> [LISTED RECORDS]:
lemma signed_perm_image:
  assumes "bij \<sigma>" "signs \<epsilon>"
  shows "y \<in> signed_perm \<sigma> \<epsilon> ` S \<longleftrightarrow> (\<chi> j. \<epsilon> j * y $ \<sigma> j) \<in> S"
proof -
  have "y \<in> signed_perm \<sigma> \<epsilon> ` S \<longleftrightarrow> (\<exists>x\<in>S. signed_perm \<sigma> \<epsilon> x = y)" by blast
  then show ?thesis by (simp add: signed_perm_eq_iff[OF assms])
qed

lemma cube_iff: "x \<in> cube \<longleftrightarrow> (\<forall>i. \<bar>x $ i\<bar> \<le> 1/4)"
proof -
  have "(-(1/4) \<le> a \<and> a \<le> 1/4) \<longleftrightarrow> \<bar>a\<bar> \<le> 1/4" for a :: real by arith
  then show ?thesis unfolding cube_def by simp
qed

lemma signed_perm_cube:
  assumes "bij \<sigma>" "signs \<epsilon>"
  shows "signed_perm \<sigma> \<epsilon> ` cube = cube"
proof -
  have "y \<in> signed_perm \<sigma> \<epsilon> ` cube \<longleftrightarrow> (\<forall>j. \<bar>y $ \<sigma> j\<bar> \<le> 1/4)" for y
    using assms(2) unfolding signed_perm_image[OF assms] cube_iff signs_def by (simp add: abs_mult)
  moreover have "(\<forall>j. \<bar>y $ \<sigma> j\<bar> \<le> 1/4) \<longleftrightarrow> y \<in> cube" for y
    unfolding cube_iff by (rule all_bij_reindex[OF assms(1), symmetric])
  ultimately have "y \<in> signed_perm \<sigma> \<epsilon> ` cube \<longleftrightarrow> y \<in> cube" for y by blast
  then show ?thesis by blast
qed

lemma signed_perm_facet:
  assumes "bij \<sigma>" "signs \<epsilon>"
  shows "signed_perm \<sigma> \<epsilon> ` facet (i, s) = facet (\<sigma> i, if \<epsilon> i = 1 then s else \<not> s)"
proof -
  let ?g = "\<lambda>y. (\<chi> j. \<epsilon> j * y $ \<sigma> j) :: real^'a"
  have in_cube: "?g y \<in> cube \<longleftrightarrow> y \<in> cube" for y
    using signed_perm_image[OF assms, of y cube] signed_perm_cube[OF assms] by simp
  have level: "?g y $ i = (if s then 1/4 else -(1/4)) \<longleftrightarrow>
      y $ \<sigma> i = (if (if \<epsilon> i = 1 then s else \<not> s) then 1/4 else -(1/4))" for y
    using signs_cases[OF assms(2), of i] by (cases s) auto
  show ?thesis
    unfolding set_eq_iff signed_perm_image[OF assms] facet_def mem_Collect_eq fst_conv snd_conv
    using in_cube level by blast
qed

lemma signed_perm_orthogonal:
  assumes "bij \<sigma>" "signs \<epsilon>"
  shows "orthogonal_transformation (signed_perm \<sigma> \<epsilon>)"
proof -
  have "linear (signed_perm \<sigma> \<epsilon>)"
    by (rule linearI) (simp_all add: signed_perm_def vec_eq_iff algebra_simps)
  moreover have "signed_perm \<sigma> \<epsilon> x \<bullet> signed_perm \<sigma> \<epsilon> y = x \<bullet> y" for x y
  proof -
    have "signed_perm \<sigma> \<epsilon> x \<bullet> signed_perm \<sigma> \<epsilon> y
        = (\<Sum>j\<in>UNIV. signed_perm \<sigma> \<epsilon> x $ \<sigma> j * signed_perm \<sigma> \<epsilon> y $ \<sigma> j)"
      unfolding inner_vec_def inner_real_def
      by (rule sum.reindex_bij_betw[symmetric]) (use assms(1) in simp)
    also have "\<dots> = (\<Sum>j\<in>UNIV. x $ j * y $ j)"
    proof -
      have "\<epsilon> j * x $ j * (\<epsilon> j * y $ j) = (\<epsilon> j * \<epsilon> j) * (x $ j * y $ j)" for j
        by (simp add: ac_simps)
      then have "signed_perm \<sigma> \<epsilon> x $ \<sigma> j * signed_perm \<sigma> \<epsilon> y $ \<sigma> j = x $ j * y $ j" for j
        by (simp add: signed_perm_at[OF assms(1)] signs_square[OF assms(2)])
      then show ?thesis by (rule sum.cong[OF refl])
    qed
    finally show ?thesis by (simp add: inner_vec_def)
  qed
  ultimately show ?thesis unfolding orthogonal_transformation_def by blast
qed

lemma signed_perm_cube_symmetry: "bij \<sigma> \<Longrightarrow> signs \<epsilon> \<Longrightarrow> cube_symmetry (signed_perm \<sigma> \<epsilon>)"
  using signed_perm_orthogonal signed_perm_cube
  unfolding cube_symmetry_def orthogonal_transformation_isometry by blast

text \<open>Distinct signed indices give distinct facets: the centre of a facet lies on no other.\<close>

lemma facet_inj: "facet j = facet j' \<Longrightarrow> j = j'"
proof -
  assume eq: "facet j = facet j'"
  obtain i s where j: "j = (i, s)" by force
  define x :: "real^'a" where "x = (\<chi> k. if k = i then (if s then 1/4 else -(1/4)) else 0)"
  have "x \<in> facet j" unfolding j facet_def cube_def x_def by auto
  then have "x \<in> facet j'" using eq by simp
  then show "j = j'" unfolding j facet_def x_def by (cases j') (auto split: if_splits)
qed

> [ABOUT THIS TASK]: Your reply should hold only the lines from the first line of the records through the one with "y $ \<sigma> i", reproduced word for word.

> [OUTPUT FOR THIS EXERCISE]:
lemma signed_perm_image:
  assumes "bij \<sigma>" "signs \<epsilon>"
  shows "y \<in> signed_perm \<sigma> \<epsilon> ` S \<longleftrightarrow> (\<chi> j. \<epsilon> j * y $ \<sigma> j) \<in> S"
proof -
  have "y \<in> signed_perm \<sigma> \<epsilon> ` S \<longleftrightarrow> (\<exists>x\<in>S. signed_perm \<sigma> \<epsilon> x = y)" by blast
  then show ?thesis by (simp add: signed_perm_eq_iff[OF assms])
qed

lemma cube_iff: "x \<in> cube \<longleftrightarrow> (\<forall>i. \<bar>x $ i\<bar> \<le> 1/4)"
proof -
  have "(-(1/4) \<le> a \<and> a \<le> 1/4) \<longleftrightarrow> \<bar>a\<bar> \<le> 1/4" for a :: real by arith
  then show ?thesis unfolding cube_def by simp
qed

lemma signed_perm_cube:
  assumes "bij \<sigma>" "signs \<epsilon>"
  shows "signed_perm \<sigma> \<epsilon> ` cube = cube"
proof -
  have "y \<in> signed_perm \<sigma> \<epsilon> ` cube \<longleftrightarrow> (\<forall>j. \<bar>y $ \<sigma> j\<bar> \<le> 1/4)" for y
    using assms(2) unfolding signed_perm_image[OF assms] cube_iff signs_def by (simp add: abs_mult)
  moreover have "(\<forall>j. \<bar>y $ \<sigma> j\<bar> \<le> 1/4) \<longleftrightarrow> y \<in> cube" for y
    unfolding cube_iff by (rule all_bij_reindex[OF assms(1), symmetric])
  ultimately have "y \<in> signed_perm \<sigma> \<epsilon> ` cube \<longleftrightarrow> y \<in> cube" for y by blast
  then show ?thesis by blast
qed

lemma signed_perm_facet:
  assumes "bij \<sigma>" "signs \<epsilon>"
  shows "signed_perm \<sigma> \<epsilon> ` facet (i, s) = facet (\<sigma> i, if \<epsilon> i = 1 then s else \<not> s)"
proof -
  let ?g = "\<lambda>y. (\<chi> j. \<epsilon> j * y $ \<sigma> j) :: real^'a"
  have in_cube: "?g y \<in> cube \<longleftrightarrow> y \<in> cube" for y
    using signed_perm_image[OF assms, of y cube] signed_perm_cube[OF assms] by simp
  have level: "?g y $ i = (if s then 1/4 else -(1/4)) \<longleftrightarrow>
      y $ \<sigma> i = (if (if \<epsilon> i = 1 then s else \<not> s) then 1/4 else -(1/4))" for y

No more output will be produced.